Not exactly.
hg pull
grabs the revisions from the other repository and adds them to the locally available revisions in your clone of the repository, but does not update your working copy - only your repository (which, for DCVS like hg/git/etc is not the same thing as a working copy).
hg update
updates your actual working copy to the latest revision in your local repository.
This differs from Subversion because in svn, there is no such thing as your "local repository" - the only repository is the one on the server; you only have a working copy locally.
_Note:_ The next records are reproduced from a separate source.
lemma integral_bump_le_left_value_from_slope:
  assumes "1 \<le> L" "1 \<le> H" "ln H \<le> 4 * L" "p - (H - 1) / 8 \<le> a" "a < p" "a < b"
  shows "integral {a..b} (bump H p L) \<le> 20 * L * (b - a) * bump H p L a"
proof -
  define R where "R = p + L + (H - 1) / 8"
  have near: "integral {a..c} (bump H p L) \<le> 20 * L * (c - a) * bump H p L a"
    if "a < c" "c \<le> R" for c
  proof -
    consider "c \<le> p" | "p < c" "c \<le> p + L" | "p + L < c" by linarith
    then show ?thesis
      using integral_bump_le_left_value_slope integral_bump_le_left_value_plateau
        integral_bump_le_left_value_tail assms that
      unfolding R_def by cases blast+
  qed
  show ?thesis
  proof (cases "b \<le> R")
    case True
    then show ?thesis using near assms by blast
  next
    case False
    have "a < R" using assms by (simp add: R_def)
    have "integral {a..b} (bump H p L) = integral {a..R} (bump H p L) + integral {R..b} (bump H p L)"
      using \<open>a < R\<close> False
      by (intro Henstock_Kurzweil_Integration.integral_combine[symmetric] integrable_bump) auto
    also have "integral {R..b} (bump H p L) = b - R"
      using False bump_eq_1_right by (intro integral_bump_eq_length) (auto simp: R_def)
    also have "b - R \<le> 20 * L * (b - R) * bump H p L a"
      using False assms by (intro le_scaled_bump) auto
    finally show ?thesis
      using near[OF \<open>a < R\<close>] by (simp add: algebra_simps)
  qed
qed

lemma integral_bump_le_left_value:
  assumes "1 \<le> L" "1 < H" "ln H \<le> 4 * L" "a < b"
  shows "integral {a..b} (bump H p L) \<le> 20 * L * (b - a) * bump H p L a"
proof -
  define S where "S = p - (H - 1) / 8"
  consider "p \<le> a" | "S \<le> a" "a < p" | "a < S" by linarith
  then show ?thesis
  proof cases
    case 1
    have "integral {a..b} (bump H p L) \<le> integral {a..b} (\<lambda>_. bump H p L a)"
    proof (rule integral_le[OF integrable_bump])
      fix s assume "s \<in> {a..b}"
      then have "plateau_dist p L a \<le> plateau_dist p L s"
        using 1 unfolding plateau_dist_def by (auto simp: max_def)
      then show "bump H p L s \<le> bump H p L a" using bump_antimono assms by simp
    qed (intro integrable_continuous_interval continuous_on_const)
    also have "\<dots> = (b - a) * bump H p L a" using assms by simp
    also have "\<dots> \<le> 20 * L * (b - a) * bump H p L a"
      using assms bump_ge_1[of H p L a] by (intro mult_right_mono) auto
    finally show ?thesis .
  next
    case 2
    then show ?thesis using integral_bump_le_left_value_from_slope assms S_def by simp
  next
    case 3
    have "bump H p L a = 1" using 3 bump_eq_1_left S_def by simp
    show ?thesis
    proof (cases "b \<le> S")
      case True
      then have "integral {a..b} (bump H p L) = b - a"
        using assms bump_eq_1_left by (intro integral_bump_eq_length) (auto simp: S_def)
      then show ?thesis using le_scaled_bump[of L "b - a"] assms by simp
    next
      case False
      have "integral {a..b} (bump H p L) = integral {a..S} (bump H p L) + integral {S..b} (bump H p L)"
        using 3 False
        by (intro Henstock_Kurzweil_Integration.integral_combine[symmetric] integrable_bump) auto
      also have "integral {a..S} (bump H p L) = S - a"
        using 3 bump_eq_1_left by (intro integral_bump_eq_length) (auto simp: S_def)
      also have "integral {S..b} (bump H p L) \<le> 20 * L * (b - S) * bump H p L S"
        using False assms
        by (intro integral_bump_le_left_value_from_slope) (auto simp: S_def)
      also have "bump H p L S = 1" using bump_eq_1_left S_def by simp
      also have "S - a \<le> 20 * L * (S - a) * bump H p L a"
        using 3 assms by (intro le_scaled_bump) auto
      finally show ?thesis using \<open>bump H p L a = 1\<close> by (simp add: algebra_simps)
    qed
  qed
qed

lemma integral_reflect_shift_real:
  "integral {a..b} (\<lambda>s. f (c - s)) = integral {c - b..c - a} (f :: real \<Rightarrow> real)"
  using Henstock_Kurzweil_Integration.integral_reflect_real[of "-a" "-b" "f \<circ> (+) c"] integral_shift_Icc_real[of "-b" "-a" f c]
  by (simp add: o_def algebra_simps)

lemma integral_bump_le_right_value:
  assumes "1 \<le> L" "1 < H" "ln H \<le> 4 * L" "a < b"
  shows "integral {a..b} (bump H p L) \<le> 20 * L * (b - a) * bump H p L b"
proof -
  have "integral {a..b} (bump H p L) = integral {a..b} (\<lambda>s. bump H p L (2 * p + L - s))"
    by (simp add: bump_reflect)
  also have "\<dots> = integral {2 * p + L - b..2 * p + L - a} (bump H p L)"
    by (rule integral_reflect_shift_real)
  also have "\<dots> \<le> 20 * L * ((2 * p + L - a) - (2 * p + L - b)) * bump H p L (2 * p + L - b)"
    using assms by (intro integral_bump_le_left_value) auto
  also have "\<dots> = 20 * L * (b - a) * bump H p L b"
    by (simp add: bump_reflect)
  finally show ?thesis .
qed

text \<open>Since the bump is unimodal, the bound at both endpoints gives the $A_1$ condition.\<close>
lemma integral_bump_le:
  assumes "1 \<le> L" "1 < H" "ln H \<le> 4 * L" "x \<in> {a..b}" "a < b"
  shows "integral {a..b} (bump H p L) \<le> 20 * L * (b - a) * bump H p L x"
proof -
  have "integral {a..b} (bump H p L) \<le> 20 * L * (b - a) * min (bump H p L a) (bump H p L b)"
    using integral_bump_le_left_value[OF assms(1-3,5)] integral_bump_le_right_value[OF assms(1-3,5)]
    by (simp add: min_def)
  also have "\<dots> \<le> 20 * L * (b - a) * bump H p L x"
    using assms bump_ge_min_endpoints[of a x b L H p] by (intro mult_left_mono) auto
  finally show ?thesis .
qed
Hence why update
is only a single command, as opposed to Mercurial's pull
and then update
.
The equivalent to svn update
for Mercurial would be hg pull --update
, which is equivalent to doing hg pull
and then hg update
one after another.
An end-to-end workflow for DCVS with a "central" repo looks something like this:
- A does
hg commit
on some changes.
- A does
hg push
to push them the central repository.
- B does
hg pull
to pull them from the central repository into their own clone.
- B does
hg update
to update their working copy to reflect the changes pulled into their clone.
In systems without a central repo, it would instead look something like this:
- A does
hg commit
on some changes.
- B, who has cloned A's repo, wants those changes, and thus does an
hg pull
directly from A's repo.
- B uses
hg update
to update their working copy to the changes.